Entries taken from a collection:

++++++++++

lemma emeasure_PiM_upward_closed_le:
  fixes \<mu> \<nu> :: "'i \<Rightarrow> real measure"
  assumes "finite F"
    and \<mu>: "\<And>m. m \<in> F \<Longrightarrow> prob_space (\<mu> m)" "\<And>m. m \<in> F \<Longrightarrow> sets (\<mu> m) = sets borel"
    and \<nu>: "\<And>m. m \<in> F \<Longrightarrow> prob_space (\<nu> m)" "\<And>m. m \<in> F \<Longrightarrow> sets (\<nu> m) = sets borel"
    and dom: "\<And>m a. m \<in> F \<Longrightarrow> emeasure (\<nu> m) {a<..} \<le> emeasure (\<mu> m) {a<..}"
    and S: "S \<in> sets (PiM F (\<lambda>_. borel))" and up: "upward_closed F S"
  shows "emeasure (PiM F \<nu>) S \<le> emeasure (PiM F \<mu>) S"
proof -
  \<comment> \<open>the laws are switched from \<mu> to \<nu> one coordinate at a time\<close>
  define hybrid where
    "hybrid G m = (if m \<in> G then \<nu> m else if m \<in> F then \<mu> m else return borel 0)" for G m
  have hybrid: "prob_space (hybrid G m)" "sets (hybrid G m) = sets borel" if "G \<subseteq> F" for G m
    using that \<mu> \<nu> by (auto simp: hybrid_def prob_space_return)
  have "emeasure (PiM F (hybrid G)) S \<le> emeasure (PiM F \<mu>) S" if "G \<subseteq> F" for G
    using finite_subset[OF that \<open>finite F\<close>] that
  proof (induction G rule: finite_induct)
    case empty
    have "PiM F (hybrid {}) = PiM F \<mu>"
      by (intro PiM_cong) (auto simp: hybrid_def)
    then show ?case by simp
  next
    case (insert i G)
    have "emeasure (PiM F ((hybrid G)(i := \<nu> i))) S \<le> emeasure (PiM F ((hybrid G)(i := \<mu> i))) S"
      using insert.prems \<mu> \<nu> dom S up hybrid
      by (intro emeasure_PiM_upward_closed_le_update \<open>finite F\<close>) auto
    moreover have "(hybrid G)(i := \<nu> i) = hybrid (insert i G)" "(hybrid G)(i := \<mu> i) = hybrid G"
      using insert.hyps(2) insert.prems by (auto simp: hybrid_def)
    ultimately have "emeasure (PiM F (hybrid (insert i G))) S \<le> emeasure (PiM F (hybrid G)) S"
      by simp
    also have "\<dots> \<le> emeasure (PiM F \<mu>) S"
      using insert by simp
    finally show ?case .
  qed
  moreover have "PiM F (hybrid F) = PiM F \<nu>"
    by (intro PiM_cong) (auto simp: hybrid_def)
  ultimately show ?thesis by (metis order_refl)
qed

++++++++++

> **Exercise details**:
Search the data above for the word "simp" and show every line that has it.

> **Answer to the problem**:
    using that \<mu> \<nu> by (auto simp: hybrid_def prob_space_return)
      by (intro PiM_cong) (auto simp: hybrid_def)
    then show ?case by simp
      using insert.hyps(2) insert.prems by (auto simp: hybrid_def)
      by simp
      using insert by simp
    by (intro PiM_cong) (auto simp: hybrid_def)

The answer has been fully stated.